Saved data entries
(* This is the second claim for C1 = 2, C2 = 1. *)
lemma fth_core_bound:
  assumes \<theta>: "0 \<le> \<theta>" "\<theta> \<le> 1" and \<delta>: "0 \<le> \<delta>"
  shows "fth \<theta> \<delta> * (1 + (1 - \<theta>) / 6 * \<delta> * tanh (\<delta>/2)) \<le> \<theta> * \<delta>"
proof -
  define t where "t = tanh (\<delta>/2)"
  have t: "0 \<le> t" "t < 1" using \<delta> tanh_real_lt_1 by (simp_all add: t_def)
  have artanh_t: "artanh t = \<delta>/2" unfolding t_def artanh_tanh_real ..
  have K: "0 \<le> (1 - \<theta>) / 3" "3 * ((1 - \<theta>) / 3) \<le> 1 - \<theta>^2"
    using \<theta> by (simp_all add: power2_eq_square mult_left_le_one_le)
  have "artanh (\<theta>*t) * (1 + (1 - \<theta>) / 3 * t * artanh t) \<le> \<theta> * artanh t"
    by (rule artanh_product_bound[OF \<theta> K t])
  thus ?thesis unfolding fth_eq_artanh t_def[symmetric] artanh_t by (simp add: field_simps)
qed

lemma fth_tanh_bound:
  assumes \<theta>: "0 \<le> \<theta>" "\<theta> < 1" and \<delta>: "0 \<le> \<delta>"
  shows "tanh (\<delta>/2) * fth \<theta> \<delta> \<le> 2 * \<theta> / (1 - \<theta>^2)"
proof -
  define t where "t = tanh (\<delta>/2)"
  have t: "0 \<le> t" "t < 1" using \<delta> tanh_real_lt_1 by (simp_all add: t_def)
  have "\<theta>*t \<le> \<theta>" using \<theta> t by (intro mult_right_le_one_le) auto
  hence \<theta>t: "0 \<le> \<theta>*t" "\<theta>*t < 1" using \<theta> t by auto
  have F: "fth \<theta> \<delta> = 2 * artanh (\<theta>*t)" unfolding t_def by (rule fth_eq_artanh)
  have "t * fth \<theta> \<delta> \<le> fth \<theta> \<delta>"
    using t fth_nonneg[OF _ \<theta>(2) \<delta>] \<theta> by (simp add: mult_left_le_one_le)
  also have "\<dots> \<le> 2 * (\<theta>*t) / (1 - (\<theta>*t)^2)" unfolding F using artanh_le[OF \<theta>t] by simp
  also have "\<dots> \<le> 2 * \<theta> / (1 - \<theta>^2)"
  proof (rule frac_le)
    have "(\<theta>*t)^2 \<le> \<theta>^2" using \<theta>t \<open>\<theta>*t \<le> \<theta>\<close> by (intro power_mono) auto
    thus "1 - \<theta>^2 \<le> 1 - (\<theta>*t)^2" by simp
    show "0 < 1 - \<theta>^2" using \<theta> by (simp add: abs_square_less_1)
  qed (use \<theta> \<open>\<theta>*t \<le> \<theta>\<close> in auto)
  finally show ?thesis unfolding t_def .
qed

lemma weighted_combination:
  fixes F a M r C1 C2 :: real
  assumes base: "F + 2 * a \<le> M" and a: "0 \<le> a" "a \<le> r * M / 2" and M: "0 \<le> M"
    and C2: "1 \<le> C2" "1 + (C1/2 - 1) * r \<le> C2"
  shows "F + C1 * a \<le> C2 * M"
proof (cases "C1 \<le> 2")
  case True
  have "C1 * a \<le> 2 * a" using True a by (intro mult_right_mono) auto
  moreover have "M \<le> C2 * M" using C2 M by (simp add: mult_le_cancel_right1)
  ultimately show ?thesis using base by linarith
next
  case False
  have "(C1 - 2) * a \<le> (C1 - 2) * (r * M / 2)" using False a by (intro mult_left_mono) auto
  moreover have "(1 + (C1/2 - 1) * r) * M \<le> C2 * M" using C2 M by (intro mult_right_mono) auto
  ultimately show ?thesis using base by (simp add: algebra_simps)
qed

(* For \<theta> <= 3/4 the weight a = (1-\<theta>)/12 \<delta> tanh(\<delta>/2) f(\<delta>) is at most (1-\<theta>^2) \<theta> \<delta> / 2;
   this uses 3(1+\<theta>)(1-\<theta>^2) >= 1, which holds since 1 - \<theta>^2 >= 7/16. *)
lemma fth_correction_bound:
  assumes \<theta>: "0 < \<theta>" "\<theta> \<le> 3/4" and \<delta>: "0 \<le> \<delta>"
  shows "(1 - \<theta>) / 12 * \<delta> * (tanh (\<delta>/2) * fth \<theta> \<delta>) \<le> (1 - \<theta>^2) * (\<theta> * \<delta>) / 2"
proof -
  have "(1 - \<theta>) / 12 * \<delta> * (tanh (\<delta>/2) * fth \<theta> \<delta>) \<le> (1 - \<theta>) / 12 * \<delta> * (2 * \<theta> / (1 - \<theta>^2))"
    using fth_tanh_bound[of \<theta> \<delta>] \<theta> \<delta> by (intro mult_left_mono) auto
  also have "\<dots> = \<delta> / 12 * ((1 - \<theta>) * (2 * \<theta> / (1 - \<theta>^2)))" by simp
  also have "(1 - \<theta>) * (2 * \<theta> / (1 - \<theta>^2)) = 2 * \<theta> / (1 + \<theta>)"
  proof -
    have "1 - \<theta>^2 = (1 - \<theta>) * (1 + \<theta>)" by (simp add: algebra_simps power2_eq_square)
    thus ?thesis using \<theta> by simp
  qed
  also have "\<delta> / 12 * (2 * \<theta> / (1 + \<theta>)) = (\<theta> * \<delta>) * (1 / (6 * (1 + \<theta>)))" by simp
  also have "\<dots> \<le> (\<theta> * \<delta>) * ((1 - \<theta>^2) / 2)"
  proof (rule mult_left_mono)
    have "\<theta>^2 \<le> (3/4)^2" using \<theta> by (intro power_mono) auto
    hence "7/16 \<le> 1 - \<theta>^2" by (simp add: power_divide)
    hence "1 \<le> 3 * ((1 + \<theta>) * (1 - \<theta>^2))" using \<theta> mult_mono[of 1 "1 + \<theta>" "7/16" "1 - \<theta>^2"] by simp
    thus "1 / (6 * (1 + \<theta>)) \<le> (1 - \<theta>^2) / 2" using \<theta> by (simp add: divide_simps algebra_simps)
  qed (use \<theta> \<delta> in simp)
  finally show ?thesis by (simp add: mult.commute)
qed

lemma fth_weighted_bound:
  fixes \<theta> C1 C2 \<delta> :: real
  assumes \<theta>: "0 < \<theta>" "\<theta> \<le> 3/4" and C2: "1 \<le> C2" "1 + (C1/2 - 1) * (1 - \<theta>^2) \<le> C2"
    and \<delta>: "0 < \<delta>"
  shows "fth \<theta> \<delta> * (1 + 4 * (1/48) * (1 - \<theta>) * C1 * \<delta> * tanh (\<delta>/2)) \<le> C2 * \<theta> * \<delta>"
proof -
  define F a where "F = fth \<theta> \<delta>" and "a = (1 - \<theta>) / 12 * \<delta> * (tanh (\<delta>/2) * F)"
  have "F * (1 + (1 - \<theta>) / 6 * \<delta> * tanh (\<delta>/2)) = F + 2 * a" by (simp add: a_def field_simps)
  hence "F + 2 * a \<le> \<theta> * \<delta>" using fth_core_bound[of \<theta> \<delta>] \<theta> \<delta> by (simp add: F_def)
  moreover have "0 \<le> a"
    using \<theta> \<delta> fth_nonneg[of \<theta> \<delta>] unfolding a_def F_def by (auto intro!: mult_nonneg_nonneg)
  moreover have "a \<le> (1 - \<theta>^2) * (\<theta> * \<delta>) / 2"
    unfolding a_def F_def using fth_correction_bound \<theta> \<delta> by simp
  ultimately have "F + C1 * a \<le> C2 * (\<theta> * \<delta>)"
    using weighted_combination C2 \<theta> \<delta> by simp
  thus ?thesis by (simp add: F_def a_def algebra_simps)
qed

theorem mainTheorem11:
  shows "(\<forall>\<theta>::real. 0 < \<theta> \<and> \<theta> \<le> 3/4 \<longrightarrow>
            (\<forall>x y::real. \<bar>fth \<theta> x - fth \<theta> y\<bar> \<le> 2 * fth \<theta> (\<bar>x - y\<bar> / 2)))
       \<and> (\<exists>\<kappa>::real. \<kappa> > 1/100 \<and>
            (\<forall>\<theta>::real. 0 < \<theta> \<and> \<theta> \<le> 3/4 \<longrightarrow>
              (\<forall>C1 C2 \<delta>::real. C1 \<ge> 1 \<and> C2 \<ge> 1 \<and> C2 \<ge> 1 + (C1/2 - 1) * (1 - \<theta>^2) \<and> \<delta> > 0 \<longrightarrow>
                 fth \<theta> \<delta> * (1 + 4 * \<kappa> * (1 - \<theta>) * C1 * \<delta> * tanh (\<delta>/2)) \<le> C2 * \<theta> * \<delta>)))"
proof (intro conjI)
  show "\<forall>\<theta>::real. 0 < \<theta> \<and> \<theta> \<le> 3/4 \<longrightarrow>
          (\<forall>x y::real. \<bar>fth \<theta> x - fth \<theta> y\<bar> \<le> 2 * fth \<theta> (\<bar>x - y\<bar> / 2))"
    using fth_difference_bound by simp
  show "\<exists>\<kappa>::real. \<kappa> > 1/100 \<and>
          (\<forall>\<theta>::real. 0 < \<theta> \<and> \<theta> \<le> 3/4 \<longrightarrow>
            (\<forall>C1 C2 \<delta>::real. C1 \<ge> 1 \<and> C2 \<ge> 1 \<and> C2 \<ge> 1 + (C1/2 - 1) * (1 - \<theta>^2) \<and> \<delta> > 0 \<longrightarrow>
               fth \<theta> \<delta> * (1 + 4 * \<kappa> * (1 - \<theta>) * C1 * \<delta> * tanh (\<delta>/2)) \<le> C2 * \<theta> * \<delta>))"
    by (rule exI[of _ "1/48"]) (use fth_weighted_bound in auto)
qed

end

TASK ITEM: Every line above that contains the word "True" should be reported.

OUTPUT OF THE TASK:
  case True
  have "C1 * a \<le> 2 * a" using True a by (intro mult_right_mono) auto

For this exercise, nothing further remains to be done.